# Vida and the Armadillo



## Vidaloco (Sep 14, 2007)

On our trail ride at our city lake, we came across several armadillos. I just happened to have my camera out when I spotted this one. As I was taking the photos it acted like it didn't even see us. Suddenly it looked up, saw us and made a mad dash between Vida's legs. She was such a good girl, she just stood there and let the critter make its escape under her belly. 
















Here it is doing the dash. I was amazed the photo came out decent :lol: you can see Vida's black foot on the left bottom side


----------



## booner (Aug 17, 2008)

how cool! and what a good girl!


----------



## english_rider144 (Sep 12, 2008)

there so odd looking  Shes such a good girl though.


----------



## smrobs (Jul 30, 2008)

Gotta love interaction with the wilder side of nature. Armadillos, porcupines, turkeys, and even deer are cool but I can't stand skunks. lol


----------



## Vidaloco (Sep 14, 2007)

We ran across 5-6 of the armadillos. I'm amazed at how quickly they can move. We saw 5 bald eagles which is always a thrill to me. They winter here so they're only around for a few months of the year.


----------



## iridehorses (Oct 22, 2007)

That is a good horse! I would hate to find out what Bobo would have done.
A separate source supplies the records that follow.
lemma next_arc_cw:
  assumes da: "direction_assignment n m g" and c: "(i, j) \<in> grid n m" and g: "g (i, j) = -1"
  shows "next_arc n m g ((i, j), 0) = (if j < m then ((i, j + 1), 2) else ((i, j), 3))"
    and "next_arc n m g ((i, j), 1) = (if 1 < i then ((i - 1, j), 3) else ((i, j), 0))"
    and "next_arc n m g ((i, j), 2) = (if 1 < j then ((i, j - 1), 0) else ((i, j), 1))"
    and "next_arc n m g ((i, j), 3) = (if i < n then ((i + 1, j), 1) else ((i, j), 2))"
  using c g by (auto simp: next_arc_eq[OF da] arcs_def end_pt_def nbr_def Let_def grid_def)

text \<open>The phase of the horizontal back-and-forth motion: column \<open>j\<close> is crossed rightwards during
  phases \<open>2j - 2, 2j - 1\<close> and leftwards during \<open>4n - 2j, 4n - 2j + 1\<close>, one phase per quarter
  arc. The vertical phase does the same for rows, downwards first.\<close>
definition horizontal_phase :: "nat \<Rightarrow> (circ \<Rightarrow> int) \<Rightarrow> arc \<Rightarrow> nat" where
  "horizontal_phase n g a =
     (let j = snd (fst a); k = snd a in
      if g (fst a) = 1
      then (if k = 0 then 4 * n - 2 * j else if k = 1 then 4 * n - 2 * j + 1
            else if k = 2 then 2 * j - 2 else 2 * j - 1)
      else (if k = 0 then 2 * j - 1 else if k = 1 then 2 * j - 2
            else if k = 2 then 4 * n - 2 * j + 1 else 4 * n - 2 * j))"

definition vertical_phase :: "nat \<Rightarrow> (circ \<Rightarrow> int) \<Rightarrow> arc \<Rightarrow> nat" where
  "vertical_phase n g a =
     (let i = fst (fst a); k = snd a in
      if g (fst a) = 1
      then (if k = 0 then 4 * n - 2 * i + 1 else if k = 1 then 2 * i - 2
            else if k = 2 then 2 * i - 1 else 4 * n - 2 * i)
      else (if k = 0 then 2 * i - 2 else if k = 1 then 4 * n - 2 * i + 1
            else if k = 2 then 4 * n - 2 * i else 2 * i - 1))"

lemma phases_less:
  assumes "a \<in> arcs n n"
  shows "horizontal_phase n g a < 4 * n" and "vertical_phase n g a < 4 * n"
  using assms by (auto simp: horizontal_phase_def vertical_phase_def arcs_def grid_def Let_def)

lemma horizontal_phase_next_arc:
  assumes da: "direction_assignment n n g" and a: "a \<in> arcs n n"
  shows "horizontal_phase n g (next_arc n n g a) = Suc (horizontal_phase n g a) mod (4 * n)"
proof -
  obtain i j k where aa: "a = ((i, j), k)" and c: "(i, j) \<in> grid n n"
    and k: "k = 0 \<or> k = 1 \<or> k = 2 \<or> k = 3"
    using a by (rule arcsE)
  show ?thesis
    unfolding mod_Suc mod_less[OF phases_less(1)[OF a]] aa
    using k direction_assignment_cases[OF da c] c
    by (elim disjE) (auto simp: next_arc_ccw[OF da c, simplified] next_arc_cw[OF da c, simplified]
        direction_assignment_neighbours[OF da c, simplified] horizontal_phase_def grid_def)
qed

lemma vertical_phase_next_arc:
  assumes da: "direction_assignment n n g" and a: "a \<in> arcs n n"
  shows "vertical_phase n g (next_arc n n g a) = Suc (vertical_phase n g a) mod (4 * n)"
proof -
  obtain i j k where aa: "a = ((i, j), k)" and c: "(i, j) \<in> grid n n"
    and k: "k = 0 \<or> k = 1 \<or> k = 2 \<or> k = 3"
    using a by (rule arcsE)
  show ?thesis
    unfolding mod_Suc mod_less[OF phases_less(2)[OF a]] aa
    using k direction_assignment_cases[OF da c] c
    by (elim disjE) (auto simp: next_arc_ccw[OF da c, simplified] next_arc_cw[OF da c, simplified]
        direction_assignment_neighbours[OF da c, simplified] vertical_phase_def grid_def)
qed

lemma phase_div_2:
  fixes n x :: nat
  shows "x \<le> 2 * n \<Longrightarrow> (4 * n - 2 * x) div 2 = 2 * n - x"
    and "x \<le> 2 * n \<Longrightarrow> (4 * n - 2 * x + 1) div 2 = 2 * n - x"
    and "(2 * x - 2) div 2 = x - 1"
    and "(2 * x - 1) div 2 = x - 1"
  by presburger+

lemma row_of_vertical_phase:
  assumes da: "direction_assignment n n g" and a: "a \<in> arcs n n"
  shows "fst (fst a) = (if vertical_phase n g a < 2 * n then vertical_phase n g a div 2 + 1
                        else 2 * n - vertical_phase n g a div 2)"
proof -
  obtain i j k where aa: "a = ((i, j), k)" and c: "(i, j) \<in> grid n n"
    and k: "k = 0 \<or> k = 1 \<or> k = 2 \<or> k = 3"
    using a by (rule arcsE)
  show ?thesis
    using k direction_assignment_cases[OF da c] c unfolding aa
    by (elim disjE) (auto simp: vertical_phase_def grid_def phase_div_2)
qed

lemma column_of_horizontal_phase:
  assumes da: "direction_assignment n n g" and a: "a \<in> arcs n n"
  shows "snd (fst a) = (if horizontal_phase n g a < 2 * n then horizontal_phase n g a div 2 + 1
                        else 2 * n - horizontal_phase n g a div 2)"
proof -
  obtain i j k where aa: "a = ((i, j), k)" and c: "(i, j) \<in> grid n n"
    and k: "k = 0 \<or> k = 1 \<or> k = 2 \<or> k = 3"
    using a by (rule arcsE)
  show ?thesis
    using k direction_assignment_cases[OF da c] c unfolding aa
    by (elim disjE) (auto simp: horizontal_phase_def grid_def phase_div_2)
qed
(* For every triangle $ABC$ with $b=c>a$, we have $AX_{25}<AX_{24}<AX_{14}$; that is, in the isosceles order, $X_{25}\prec X_{24}\prec X_{14}$.
   Context: $X_n$ denotes the $n$-th triangle center listed in Kimberling's Encyclopedia of Triangle Centers (ETC), given by barycentric coordinates in terms of $a=BC$, $b=CA$, $c=AB$. The isosceles order: $P\prec Q$ if $P$ is closer to $A$ than $Q$ in every isosceles triangle $ABC$ with $b=c>a$. *)

theory Defs
  imports Complex_Main
begin

type_synonym bary = "real \<times> real \<times> real"

definition cyclic_bary :: "(real \<Rightarrow> real \<Rightarrow> real \<Rightarrow> real) \<Rightarrow> real \<Rightarrow> real \<Rightarrow> real \<Rightarrow> bary" where
  "cyclic_bary f a b c = (f a b c, f b c a, f c a b)"

definition tri_area :: "real \<Rightarrow> real \<Rightarrow> real \<Rightarrow> real" where
  "tri_area a b c = sqrt ((a+b+c) * (-a+b+c) * (a-b+c) * (a+b-c)) / 4"

definition X14 :: "real \<Rightarrow> real \<Rightarrow> real \<Rightarrow> bary" where
  "X14 = cyclic_bary (\<lambda>a b c. a^4 - 2*(b^2 - c^2)^2
           + a^2 * (b^2 + c^2 - 4 * sqrt 3 * tri_area a b c))"

text \<open>ETC X(24): a^2 (a^4+b^4+c^4-2a^2b^2-2a^2c^2) / (b^2+c^2-a^2)
  (trilinears sec A cos 2A).\<close>
definition X24 :: "real \<Rightarrow> real \<Rightarrow> real \<Rightarrow> bary" where
  "X24 = cyclic_bary (\<lambda>a b c. a^2 * (a^4 + b^4 + c^4 - 2*a^2*b^2 - 2*a^2*c^2) / (b^2 + c^2 - a^2))"

definition X25 :: "real \<Rightarrow> real \<Rightarrow> real \<Rightarrow> bary" where
  "X25 = cyclic_bary (\<lambda>a b c. a^2 / (b^2 + c^2 - a^2))"

text \<open>Distance from vertex A to the point with barycentrics (x:y:z) in a triangle
  with side lengths a = BC, b = CA, c = AB. With normalized (u,v,w),
  AP = v AB + w AC, so |AP|^2 = v^2 c^2 + w^2 b^2 + 2 v w (AB . AC),
  where AB . AC = (b^2+c^2-a^2)/2.\<close>
definition dist_from_A :: "bary \<Rightarrow> real \<Rightarrow> real \<Rightarrow> real \<Rightarrow> real" where
  "dist_from_A P a b c =
     (case P of (x, y, z) \<Rightarrow>
        let s = x + y + z; v = y / s; w = z / s
        in sqrt (v^2 * c^2 + w^2 * b^2 + v * w * (b^2 + c^2 - a^2)))"

end

theory Submission
  imports Defs
begin

text \<open>When b = c the three centers lie on the symmetry axis, so their barycentrics have the form
  (x : y : y), and the distance from A is y/(x + 2y) times sqrt(4b^2 - a^2), twice the altitude.
  In the variables s = a^2 and e = b^2 - a^2 > 0, together with k = 4 sqrt 3 \<Delta> for X14,
  these ratios are rational functions whose cross-multiplied differences are polynomials with
  positive coefficients once the irrational k, which enters them linearly, is eliminated by
  squaring, using k^2 = 3s(3s + 4e).\<close>

lemma dist_from_A_on_axis:
  "dist_from_A (x, y, y) a b b = \<bar>y / (x + 2*y)\<bar> * sqrt (4*b^2 - a^2)"
proof -
  define v where "v = y / (x + 2*y)"
  have "x + y + y = x + 2*y" by simp
  then have "dist_from_A (x, y, y) a b b = sqrt (v^2 * b^2 + v^2 * b^2 + v * v * (b^2 + b^2 - a^2))"
    by (simp only: dist_from_A_def Let_def prod.case v_def)
  also have "\<dots> = sqrt (v^2 * (4*b^2 - a^2))"
    by (simp add: power2_eq_square algebra_simps)
  finally show ?thesis
    by (simp add: real_sqrt_mult v_def)
qed

lemma tri_area_isosceles:
  "tri_area a b b = \<bar>a\<bar> * sqrt (4*b^2 - a^2) / 4"
  "tri_area b b a = tri_area a b b" "tri_area b a b = tri_area a b b"
proof -
  have "(a+b+b) * (-a+b+b) * (a-b+b) * (a+b-b) = a^2 * (4*b^2 - a^2)"
    by (simp add: power2_eq_square algebra_simps)
  then show "tri_area a b b = \<bar>a\<bar> * sqrt (4*b^2 - a^2) / 4"
    by (simp add: tri_area_def real_sqrt_mult)
  show "tri_area b b a = tri_area a b b" "tri_area b a b = tri_area a b b"
    by (simp_all add: tri_area_def algebra_simps)
qed

text \<open>The value y/(x + 2y) for X25, X24 and X14 in a triangle with a^2 = s and
  b^2 = c^2 = s + e; the argument k of the last one stands for 4 sqrt 3 \<Delta>.\<close>

definition axis_coord_X25 :: "real \<Rightarrow> real \<Rightarrow> real" where
  "axis_coord_X25 s e = (s + e) * (s + 2*e) / (s^2 + 2 * (s + e) * (s + 2*e))"

definition axis_coord_X24 :: "real \<Rightarrow> real \<Rightarrow> real" where
  "axis_coord_X24 s e = (s + e) * (s + 2*e)^2 / (3*s^3 + 10*s^2*e + 14*s*e^2 + 8*e^3)"

definition axis_coord_X14 :: "real \<Rightarrow> real \<Rightarrow> real \<Rightarrow> real" where
  "axis_coord_X14 s e k = ((s + e) * k - s * (3*s + 5*e)) / (k * (3*s + 2*e) - 3 * s * (3*s + 4*e))"

lemma dist_from_A_X25_isosceles:
  assumes "a^2 = s" "b^2 = s + e" "s \<noteq> 0" "s + 2*e \<noteq> 0"
  shows "dist_from_A (X25 a b b) a b b = \<bar>axis_coord_X25 s e\<bar> * sqrt (3*s + 4*e)"
proof -
  define x where "x = s / (s + 2*e)"
  define y where "y = (s + e) / s"
  have "X25 a b b = (x, y, y)"
    unfolding X25_def cyclic_bary_def assms(1,2) x_def y_def by simp
  moreover have "x + 2*y = (s^2 + 2 * (s + e) * (s + 2*e)) / (s * (s + 2*e))"
    unfolding x_def y_def using assms(3,4) by (simp add: field_simps power2_eq_square)
  then have "y / (x + 2*y) = axis_coord_X25 s e"
    unfolding axis_coord_X25_def y_def using assms(3) by simp
  ultimately show ?thesis
    using assms by (simp add: dist_from_A_on_axis)
qed

lemma dist_from_A_X24_isosceles:
  assumes "a^2 = s" "b^2 = s + e" "s \<noteq> 0" "s + 2*e \<noteq> 0"
  shows "dist_from_A (X24 a b b) a b b = \<bar>axis_coord_X24 s e\<bar> * sqrt (3*s + 4*e)"
proof -
  define x where "x = s * (2*e^2 - s^2) / (s + 2*e)"
  define y where "y = - ((s + e) * (s + 2*e))"
  define m where "m = 3*s^3 + 10*s^2*e + 14*s*e^2 + 8*e^3"
  have "a^4 = s^2" "b^4 = (s + e)^2"
    using assms(1,2) power_mult[of a 2 2] power_mult[of b 2 2] by simp_all
  then have "X24 a b b = (x, y, y)"
    unfolding X24_def cyclic_bary_def assms(1,2) x_def y_def
    using assms(3,4) by (simp add: field_simps power2_eq_square)
  moreover have "x + 2*y = - (m / (s + 2*e))"
    unfolding x_def y_def m_def using assms(4) by (simp add: field_simps power2_eq_square power3_eq_cube)
  then have "y / (x + 2*y) = axis_coord_X24 s e"
    unfolding axis_coord_X24_def y_def m_def[symmetric]
    by (simp only: minus_divide_divide divide_divide_eq_right power2_eq_square mult.assoc)
  ultimately show ?thesis
    using assms by (simp add: dist_from_A_on_axis)
qed

lemma dist_from_A_X14_isosceles:
  assumes "a^2 = s" "b^2 = s + e"
  shows "dist_from_A (X14 a b b) a b b
      = \<bar>axis_coord_X14 s e (4 * sqrt 3 * tri_area a b b)\<bar> * sqrt (3*s + 4*e)"
proof -
  define k where "k = 4 * sqrt 3 * tri_area a b b"
  define y where "y = - ((s + e) * k - s * (3*s + 5*e))"
  define x where "x = - (k * (3*s + 2*e) - 3 * s * (3*s + 4*e)) - 2 * y"
  have "a^4 = s^2" "b^4 = (s + e)^2"
    using assms(1,2) power_mult[of a 2 2] power_mult[of b 2 2] by simp_all
  then have "X14 a b b = (x, y, y)"
    unfolding X14_def cyclic_bary_def tri_area_isosceles(2,3) assms(1,2) k_def[symmetric]
    by (simp add: x_def y_def algebra_simps power2_eq_square)
  moreover have "y / (x + 2*y) = axis_coord_X14 s e k"
    unfolding axis_coord_X14_def x_def y_def by (simp only: minus_divide_divide diff_add_cancel)
  ultimately show ?thesis
    using assms by (simp add: dist_from_A_on_axis k_def)
qed

lemma axis_coord_X25_pos:
  fixes s e :: real
  assumes "0 < s" "0 < e"
  shows "0 < axis_coord_X25 s e"
  unfolding axis_coord_X25_def using assms
  by (intro divide_pos_pos add_pos_pos mult_pos_pos zero_less_power) simp_all

lemma axis_coord_X25_less_X24:
  fixes s e :: real
  assumes "0 < s" "0 < e"
  shows "axis_coord_X25 s e < axis_coord_X24 s e"
proof -
  define m where "m = 3*s^3 + 10*s^2*e + 14*s*e^2 + 8*e^3"
  have "0 < m" "0 < s^2 + 2 * (s + e) * (s + 2*e)"
    unfolding m_def using assms by (intro add_pos_pos mult_pos_pos zero_less_power; simp)+
  moreover have "(s + e) * (s + 2*e)^2 * (s^2 + 2 * (s + e) * (s + 2*e)) - (s + e) * (s + 2*e) * m
      = 2 * s * e * (s + e)^2 * (s + 2*e)"
    unfolding m_def by algebra
  moreover have "0 < 2 * s * e * (s + e)^2 * (s + 2*e)"
    using assms by simp
  ultimately have "(s + e) * (s + 2*e) * m < (s + e) * (s + 2*e)^2 * (s^2 + 2 * (s + e) * (s + 2*e))"
    by linarith
  with \<open>0 < m\<close> \<open>0 < s^2 + 2 * (s + e) * (s + 2*e)\<close> show ?thesis
    unfolding axis_coord_X25_def axis_coord_X24_def m_def[symmetric] by (simp add: divide_simps)
qed

lemma axis_coord_X24_less_X14:
  fixes s e k :: real
  assumes "0 < s" "0 < e" "0 < k" and k2: "k^2 = 3 * s * (3*s + 4*e)"
  shows "axis_coord_X24 s e < axis_coord_X14 s e k"
proof -
  define m where "m = 3*s^3 + 10*s^2*e + 14*s*e^2 + 8*e^3"
  define q where "q = 6*s^3 + 20*s^2*e + 19*s*e^2 + 4*e^3"
  have "0 < m" "0 < q"
    unfolding m_def q_def using assms by (intro add_pos_pos mult_pos_pos zero_less_power; simp)+
  have "k^2 < (3*s + 2*e)^2"
    using assms by (simp add: k2 power2_eq_square algebra_simps)
  then have "k < 3*s + 2*e"
    by (rule power2_less_imp_less) (use assms in simp)
  then have denominator_pos: "3 * s * (3*s + 4*e) < k * (3*s + 2*e)"
    using assms(3) by (simp add: k2[symmetric] power2_eq_square)
  have "(k * (s + e) * (2*s + 3*e))^2 < q^2"
  proof -
    have "q^2 - (k * (s + e) * (2*s + 3*e))^2
        = e * (12*s^5 + 55*s^4*e + 94*s^3*e^2 + 80*s^2*e^3 + 44*s*e^4 + 16*e^5)"
      unfolding power_mult_distrib k2 q_def by algebra
    moreover have "0 < e * (12*s^5 + 55*s^4*e + 94*s^3*e^2 + 80*s^2*e^3 + 44*s*e^4 + 16*e^5)"
      using assms by (intro add_pos_pos mult_pos_pos zero_less_power; simp)+
    ultimately show ?thesis
      by linarith
  qed
  then have "k * (s + e) * (2*s + 3*e) < q"
    by (rule power2_less_imp_less) (use \<open>0 < q\<close> in simp)
  then have "0 < 2 * s * e * (q - k * (s + e) * (2*s + 3*e))"
    using assms by simp
  moreover have "((s + e) * k - s * (3*s + 5*e)) * m - (s + e) * (s + 2*e)^2 * (k * (3*s + 2*e) - 3 * s * (3*s + 4*e))
      = 2 * s * e * (q - k * (s + e) * (2*s + 3*e))"
    unfolding m_def q_def by algebra
  ultimately have "(s + e) * (s + 2*e)^2 * (k * (3*s + 2*e) - 3 * s * (3*s + 4*e))
      < ((s + e) * k - s * (3*s + 5*e)) * m"
    by linarith
  then show ?thesis
    unfolding axis_coord_X24_def axis_coord_X14_def m_def[symmetric]
    using \<open>0 < m\<close> denominator_pos by (simp add: divide_simps)
qed

theorem theorem3p6:
  fixes a b c :: real
  assumes "a > 0" and "b = c" and "b > a"
  shows "dist_from_A (X25 a b c) a b c < dist_from_A (X24 a b c) a b c
       \<and> dist_from_A (X24 a b c) a b c < dist_from_A (X14 a b c) a b c"
proof -
  define s e k where "s = a^2" and "e = b^2 - a^2" and "k = 4 * sqrt 3 * tri_area a b b"
  have sides: "a^2 = s" "b^2 = s + e"
    by (simp_all add: s_def e_def)
  have "0 < s" "0 < e"
    using assms by (simp_all add: s_def e_def power_strict_mono)
  have "0 < k" "k^2 = 3 * s * (3*s + 4*e)"
    using \<open>0 < s\<close> \<open>0 < e\<close> assms(1)
    by (simp_all add: k_def tri_area_isosceles(1) sides power_mult_distrib)
  have "0 < axis_coord_X25 s e" "axis_coord_X25 s e < axis_coord_X24 s e"
    "axis_coord_X24 s e < axis_coord_X14 s e k"
    using \<open>0 < s\<close> \<open>0 < e\<close> \<open>0 < k\<close> \<open>k^2 = 3 * s * (3*s + 4*e)\<close>
    by (simp_all add: axis_coord_X25_pos axis_coord_X25_less_X24 axis_coord_X24_less_X14)
  moreover have "0 < sqrt (3*s + 4*e)"
    using \<open>0 < s\<close> \<open>0 < e\<close> by simp
  ultimately show ?thesis
    using \<open>0 < s\<close> \<open>0 < e\<close>
    by (simp add: \<open>b = c\<close>[symmetric] k_def[symmetric] sides dist_from_A_X25_isosceles
        dist_from_A_X24_isosceles dist_from_A_X14_isosceles)
qed
end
BTW, I never knew that armadillos were that far north.


----------



## farmpony84 (Apr 21, 2008)

my mom says armadillos arent real. when we lived in texas all we ever saw were dead armadillos on the side of the rode. one ran past us at disney once but she says it was a mechanical prop......


----------



## Vidaloco (Sep 14, 2007)

farmpony84 said:


> my mom says armadillos arent real. when we lived in texas all we ever saw were dead armadillos on the side of the rode. one ran past us at disney once but she says it was a mechanical prop......


We have some friends who play a game called "Dilla" when they're on a road trip with the kids. Points for every dead armadillo and points taken away if its tire retread instead :lol:

Iride- I think their habitat has moved. When we first moved to Kansas I never saw them. Now they are common.


----------



## farmpony84 (Apr 21, 2008)

WE PLAYED THAT GAME!

Dead Armadilla and Dead tire! Dead tire lost points.... yep... that was the game!


----------



## my2geldings (Feb 18, 2008)

Very cute horse eh. Got to love those moments when they trust you and behave themselves. Great pics


----------



## Vidaloco (Sep 14, 2007)

farmpony84 said:


> WE PLAYED THAT GAME!
> 
> Dead Armadilla and Dead tire! Dead tire lost points.... yep... that was the game!


Wow, small world huh?


----------



## farmpony84 (Apr 21, 2008)

lol... i thought my family was just wierd... now I know... there are others!


----------